Posted by: Roy Ellis at May 6, 2013 7:21 PM
Comment #365434


These are not new species. They are things like your familiar live oak with resistance to wilt, for example.

RE playing God - we have already done that. The species that we grew up with are threatened by these new bugs etc.

I would prefer my old friends, my hemlocks, oaks, elms and ash to be as they were. This will not be possible in the near future and already is not possible. The hemlocks that lined streams in Virginia and Carolina since the end of the last ice age are mostly gone. They will not be back w/o some help.

There is no wise leave it alone choice available. If there was such a choice, I would take it. The die is cast. We can either react stupidly or with some circumspection.

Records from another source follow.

lemma matrix_mult_scale:
  fixes c :: "'a::comm_semiring_1"
  shows "P ** (\<chi> i j. c * A $ i $ j) ** R = (\<chi> i j. c * (P ** A ** R) $ i $ j)"
  by (simp add: vec_eq_iff matrix_matrix_mult_def sum_distrib_left sum_distrib_right mult_ac)

lemma diagonal_matrix_mult:
  fixes D A :: "'a::semiring_1^'n^'n"
  assumes "\<And>i j. i \<noteq> j \<Longrightarrow> D $ i $ j = 0"
  shows "(D ** A) $ i $ j = D $ i $ i * A $ i $ j"
    and "(A ** D) $ i $ j = A $ i $ j * D $ j $ j"
proof -
  have "(\<Sum>k\<in>UNIV. D $ i $ k * A $ k $ j) = (\<Sum>k\<in>{i}. D $ i $ k * A $ k $ j)"
    by (rule sum.mono_neutral_right) (auto simp: assms)
  then show "(D ** A) $ i $ j = D $ i $ i * A $ i $ j"
    by (simp add: matrix_matrix_mult_def)
  have "(\<Sum>k\<in>UNIV. A $ i $ k * D $ k $ j) = (\<Sum>k\<in>{j}. A $ i $ k * D $ k $ j)"
    by (rule sum.mono_neutral_right) (auto simp: assms)
  then show "(A ** D) $ i $ j = A $ i $ j * D $ j $ j"
    by (simp add: matrix_matrix_mult_def)
qed

lemma matrix_inv_eqI:
  fixes A B :: "'a::field^'n^'n"
  assumes "A ** B = mat 1"
  shows "matrix_inv A = B"
  unfolding matrix_inv_def
proof (rule some_equality)
  show "A ** B = mat 1 \<and> B ** A = mat 1"
    using assms matrix_left_right_inverse by blast
next
  fix B' assume "A ** B' = mat 1 \<and> B' ** A = mat 1"
  then show "B' = B"
    by (metis assms matrix_mul_assoc matrix_mul_lid matrix_mul_rid)
qed

lemma matrix_mult_matrix_inv:
  fixes A :: "'a::field^'n^'n"
  assumes "invertible A"
  shows "A ** matrix_inv A = mat 1"
  using assms matrix_inv_eqI unfolding invertible_def by metis

lemma mdxi_eq_map_matrix: "mdxi A = map_matrix dxi A"
  by (simp add: mdxi_def map_matrix_def)

lemma cmat_eq_map_matrix: "cmat A = map_matrix fls_const A"
  by (simp add: cmat_def map_matrix_def)

lemma mdxi_mult: "mdxi (A ** B) = mdxi A ** B + A ** mdxi B"
  unfolding mdxi_eq_map_matrix by (rule map_matrix_mult_derivation) simp_all

lemma mdxi_cmat [simp]: "mdxi (cmat A) = 0"
  by (simp add: mdxi_eq_map_matrix cmat_eq_map_matrix vec_eq_iff)

lemma cmat_mult: "cmat (A ** B) = cmat A ** cmat B"
  unfolding cmat_eq_map_matrix by (rule map_matrix_mult) (simp_all add: fls_plus_const)

lemma cmat_mat: "cmat (mat c) = mat (fls_const c)"
  unfolding cmat_eq_map_matrix by (rule map_matrix_mat) simp

lemma invertible_cmat:
  assumes "invertible A"
  shows "invertible (cmat A)"
proof -
  from assms obtain B where "A ** B = mat 1" "B ** A = mat 1"
    unfolding invertible_def by blast
  then have "cmat A ** cmat B = mat 1" "cmat B ** cmat A = mat 1"
    by (simp_all add: cmat_mat flip: cmat_mult)
  then show ?thesis
    unfolding invertible_def by blast
qed

lemma sm_mult_left [simp]: "sm s A ** B = sm s (A ** B)"
  by (simp add: sm_def vec_eq_iff matrix_matrix_mult_def sum_distrib_left mult.assoc)

lemma sm_mult_right [simp]: "A ** sm s B = sm s (A ** B)"
  by (simp add: sm_def vec_eq_iff matrix_matrix_mult_def sum_distrib_left mult.left_commute)

lemma sm_sm [simp]: "sm s (sm t A) = sm (s * t) A"
  by (simp add: sm_def vec_eq_iff mult.assoc)

lemma sm_1 [simp]: "sm 1 A = A"
  by (simp add: sm_def vec_eq_iff)

lemma sm_add: "sm s (A + B) = sm s A + sm s B"
  by (simp add: sm_def vec_eq_iff distrib_left)

lemma sm_diff: "sm s (A - B) = sm s A - sm s B"
  by (simp add: sm_def vec_eq_iff right_diff_distrib)

lemma sm_const_cancel:
  assumes "c \<noteq> 0" and "sm (fls_const c) A = sm (fls_const c) B"
  shows "A = B"
proof -
  have "sm (fls_const (inverse c)) (sm (fls_const c) A)
      = sm (fls_const (inverse c)) (sm (fls_const c) B)"
    using assms(2) by simp
  then show ?thesis
    using assms(1) by simp
qed

lemma invertible_sm:
  assumes "s \<noteq> 0" and "invertible A"
  shows "invertible (sm s A)"
proof -
  from assms(2) obtain B where "A ** B = mat 1" "B ** A = mat 1"
    unfolding invertible_def by blast
  then have "sm s A ** sm (inverse s) B = mat 1" "sm (inverse s) B ** sm s A = mat 1"
    using assms(1) by (simp_all add: mult.commute)
  then show ?thesis
    unfolding invertible_def by blast
qed

abbreviation mat_dilate :: "'a::field \<Rightarrow> 'a fls^'n^'m \<Rightarrow> 'a fls^'n^'m" where
  "mat_dilate c \<equiv> map_matrix (fls_dilate c)"

lemma mat_dilate_mult: "c \<noteq> 0 \<Longrightarrow> mat_dilate c (A ** B) = mat_dilate c A ** mat_dilate c B"
  by (rule map_matrix_mult) simp_all

lemma mat_dilate_add: "mat_dilate c (A + B) = mat_dilate c A + mat_dilate c B"
  by (rule map_matrix_add) simp

lemma mat_dilate_diff: "mat_dilate c (A - B) = mat_dilate c A - mat_dilate c B"
  by (rule map_matrix_diff) simp

lemma mat_dilate_mat: "mat_dilate c (mat a) = mat (fls_dilate c a)"
  by (rule map_matrix_mat) simp

lemma mat_dilate_cmat [simp]: "mat_dilate c (cmat A) = cmat A"
  by (simp add: cmat_eq_map_matrix vec_eq_iff)

lemma mat_dilate_sm: "c \<noteq> 0 \<Longrightarrow> mat_dilate c (sm s A) = sm (fls_dilate c s) (mat_dilate c A)"
  by (simp add: sm_def vec_eq_iff)

lemma mat_dilate_mdxi: "c \<noteq> 0 \<Longrightarrow> mat_dilate c (mdxi A) = sm (fls_const c) (mdxi (mat_dilate c A))"
  by (simp add: mdxi_def sm_def vec_eq_iff fls_dilate_dxi)

lemmas matrix3_simps = vec_eq_iff forall_3 matrix_matrix_mult_def sum_3 transpose_def

lemma map_matrix_diag3: "f 0 = 0 \<Longrightarrow> map_matrix f (diag3 a b c) = diag3 (f a) (f b) (f c)"
  by (simp add: vec_eq_iff forall_3 diag3_def)

lemma sm_diag3: "sm s (diag3 a b c) = diag3 (s * a) (s * b) (s * c)"
  by (simp add: sm_def vec_eq_iff forall_3 diag3_def)

lemma Smat_transpose_mult: "Smat ** transpose Smat = mat 1" "transpose Smat ** Smat = mat 1"
  by (simp_all add: matrix3_simps Smat_def mat_def)

lemma cmat_Smat_transpose_mult:
  "cmat Smat ** cmat (transpose Smat) = mat 1" "cmat (transpose Smat) ** cmat Smat = mat 1"
  by (simp_all add: Smat_transpose_mult cmat_mat flip: cmat_mult)

lemma Smat_conj_diag3: "transpose Smat ** diag3 a b c ** Smat = diag3 c a b"
  by (simp add: matrix3_simps Smat_def diag3_def)

lemma cmat_Smat_conj_diag3:
  "cmat (transpose Smat) ** diag3 a b c ** cmat Smat = diag3 c a b"
  "cmat Smat ** diag3 a b c ** cmat (transpose Smat) = diag3 b c a"
  by (simp_all add: matrix3_simps Smat_def diag3_def cmat_def)

section \<open>Symmetry and uniqueness of formal solutions\<close>

lemma formal_equation_dilate_conj:
  fixes Y L D :: "complex fls^3^3" and P Q :: "complex^3^3"
  assumes "c \<noteq> 0" and PQ: "P ** Q = mat 1" "Q ** P = mat 1"
    and L: "mat_dilate c L = sm (fls_const c) (cmat Q ** L ** cmat P)"
    and D: "mat_dilate c D = sm (fls_const c) (cmat Q ** D ** cmat P)"
    and Y: "mdxi Y + Y ** D = L ** Y"
  defines "Y' \<equiv> cmat P ** mat_dilate c Y ** cmat Q"
  shows "mdxi Y' + Y' ** D = L ** Y'"
proof -
  define Z where "Z = mat_dilate c Y"
  have cmat_PQ: "cmat P ** cmat Q = mat 1" "cmat Q ** cmat P = mat 1"
    by (simp_all add: PQ cmat_mat flip: cmat_mult)
  then have PQ_cancel: "X ** cmat P ** cmat Q = X" "X ** cmat Q ** cmat P = X" for X
    by (simp_all flip: matrix_mul_assoc)
  have "mat_dilate c (mdxi Y + Y ** D) = mat_dilate c (L ** Y)"
    using Y by simp
  then have "sm (fls_const c) (mdxi Z + Z ** cmat Q ** D ** cmat P)
      = sm (fls_const c) (cmat Q ** L ** cmat P ** Z)"
    using \<open>c \<noteq> 0\<close>
    by (simp add: Z_def mat_dilate_add mat_dilate_mult mat_dilate_mdxi L D sm_add matrix_mul_assoc)
  then have "mdxi Z + Z ** cmat Q ** D ** cmat P = cmat Q ** L ** cmat P ** Z"
    using \<open>c \<noteq> 0\<close> by (rule sm_const_cancel[rotated])
  then have "cmat P ** (mdxi Z + Z ** cmat Q ** D ** cmat P) ** cmat Q
      = cmat P ** (cmat Q ** L ** cmat P ** Z) ** cmat Q"
    by simp
  then show ?thesis
    unfolding Y'_def Z_def[symmetric]
    by (simp add: matrix_add_ldistrib matrix_add_rdistrib mdxi_mult matrix_mul_assoc cmat_PQ PQ_cancel)
qed

(* The quotient C of the two solutions satisfies C' = D C - C D, so its off-diagonal entries vanish
   by dxi_eq_mult_imp_zero and its diagonal entries are constants, fixed to 1 by the normalisation. *)
lemma formal_equation_solution_unique:
  fixes Y1 Y2 L D :: "complex fls^3^3"
  assumes D_diagonal: "\<And>i j. i \<noteq> j \<Longrightarrow> D $ i $ j = 0"
    and D_distinct: "\<And>i j. i \<noteq> j \<Longrightarrow> \<exists>n\<le>0. fls_nth (D $ i $ i) n \<noteq> fls_nth (D $ j $ j) n"
    and Y1: "mdxi Y1 + Y1 ** D = L ** Y1" and Y2: "mdxi Y2 + Y2 ** D = L ** Y2"
    and "invertible Y2"
    and Y1_norm: "\<And>i. fls_nth (Y1 $ i $ i) 0 = 1" and Y2_norm: "\<And>i. fls_nth (Y2 $ i $ i) 0 = 1"
  shows "Y1 = Y2"
proof -
  define C where "C = matrix_inv Y2 ** Y1"
  have Y2_inv: "Y2 ** matrix_inv Y2 = mat 1" "matrix_inv Y2 ** Y2 = mat 1"
    using matrix_mult_matrix_inv[OF \<open>invertible Y2\<close>] matrix_left_right_inverse by blast+
  have Y1_eq: "Y1 = Y2 ** C"
    by (simp add: C_def matrix_mul_assoc Y2_inv)
  have dY1: "mdxi Y1 = L ** Y2 ** C - Y2 ** C ** D" and dY2: "mdxi Y2 = L ** Y2 - Y2 ** D"
    using Y1 Y2 by (simp_all add: Y1_eq matrix_mul_assoc eq_diff_eq)
  have "Y2 ** mdxi C = mdxi Y1 - mdxi Y2 ** C"
    by (simp add: Y1_eq mdxi_mult)
  also have "\<dots> = (L ** Y2 ** C - Y2 ** C ** D) - (L ** Y2 - Y2 ** D) ** C"
    unfolding dY1 dY2 ..
  also have "\<dots> = Y2 ** (D ** C - C ** D)"
    by (simp add: matrix_diff_ldistrib matrix_diff_rdistrib matrix_mul_assoc)
  finally have "matrix_inv Y2 ** (Y2 ** mdxi C) = matrix_inv Y2 ** (Y2 ** (D ** C - C ** D))"
    by simp
  then have "mdxi C = D ** C - C ** D"
    by (simp add: matrix_mul_assoc Y2_inv)
  then have "mdxi C $ i $ j = (D ** C - C ** D) $ i $ j" for i j
    by simp
  then have C_eq: "dxi (C $ i $ j) = (D $ i $ i - D $ j $ j) * C $ i $ j" for i j
    by (simp add: mdxi_def diagonal_matrix_mult[OF D_diagonal] algebra_simps)
  have C_offdiag: "C $ i $ j = 0" if "i \<noteq> j" for i j
  proof -
    from D_distinct[OF \<open>i \<noteq> j\<close>]
    obtain n where "n \<le> 0" and n: "fls_nth (D $ i $ i - D $ j $ j) n \<noteq> 0"
      by auto
    have "fls_subdegree (D $ i $ i - D $ j $ j) \<le> 0"
      using fls_subdegree_leI[OF n] \<open>n \<le> 0\<close> by simp
    then show ?thesis
      using dxi_eq_mult_imp_zero[OF fls_nonzeroI[OF n] _ C_eq] by simp
  qed
  have C_diag: "C $ i $ i = 1" for i
  proof -
    define c where "c = fls_nth (C $ i $ i) 0"
    have "dxi (C $ i $ i) = 0"
      using C_eq[of i i] by simp
    then have C_const: "C $ i $ i = fls_const c"
      unfolding c_def by (rule dxi_eq_0_imp_const)
    have "Y1 $ i $ i = Y2 $ i $ i * fls_const c"
      using Y1_eq diagonal_matrix_mult(2)[of C Y2] C_offdiag C_const by simp
    then have "c = 1"
      using Y1_norm[of i] Y2_norm[of i] by simp
    then show ?thesis
      by (simp add: C_const)
  qed
  have "C = mat 1"
    using C_offdiag C_diag by (simp add: vec_eq_iff mat_def)
  then show ?thesis
    by (simp add: Y1_eq)
qed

Your fears will doom our forests.

You are right about kudzo, as well as other pest such as multiflora rose. Those are growing all over the place as a result of government mandates. I have used that as an example of why we should be careful with giving government too much authority. But they can be easily controlled, if we just do it. Goats and cattle will graze kudzo and controlled burns will take care of it. These are nuisances but not the threats that these bugs are.

Posted by: C&J at May 6, 2013 7:22 PM
Comment #365437

Climate change, Global Warming: it’s all a lie. It’s not even worth talking about.

BENGHAZI: IS THE BIG LIE. Let’s talk about the Obama administration lying to the American people; let’s talk about Hillary Clinton being thrown under the bus…AGAIN; let’s talk about an administration that shut down the rescue of Americans (4 of which died); let’s talk about an administration who absolutely refuses to call Islamic Terrorist what they are…terrorists; let’s talk about an administration that lied to the American people that the problems were caused over a video; and let’s talk about an administration that actively tried to fire up the Muslim countries by apologizing for a video that no one even knew about. Let’s talk about the disgust of the Obama administration. Let’s talk about the statute of limitations for Americans being murdered in Benghazi. Jay Carney said that “happened a long time ago” and Hillary says “WHO CARES WHY THEY DIED”.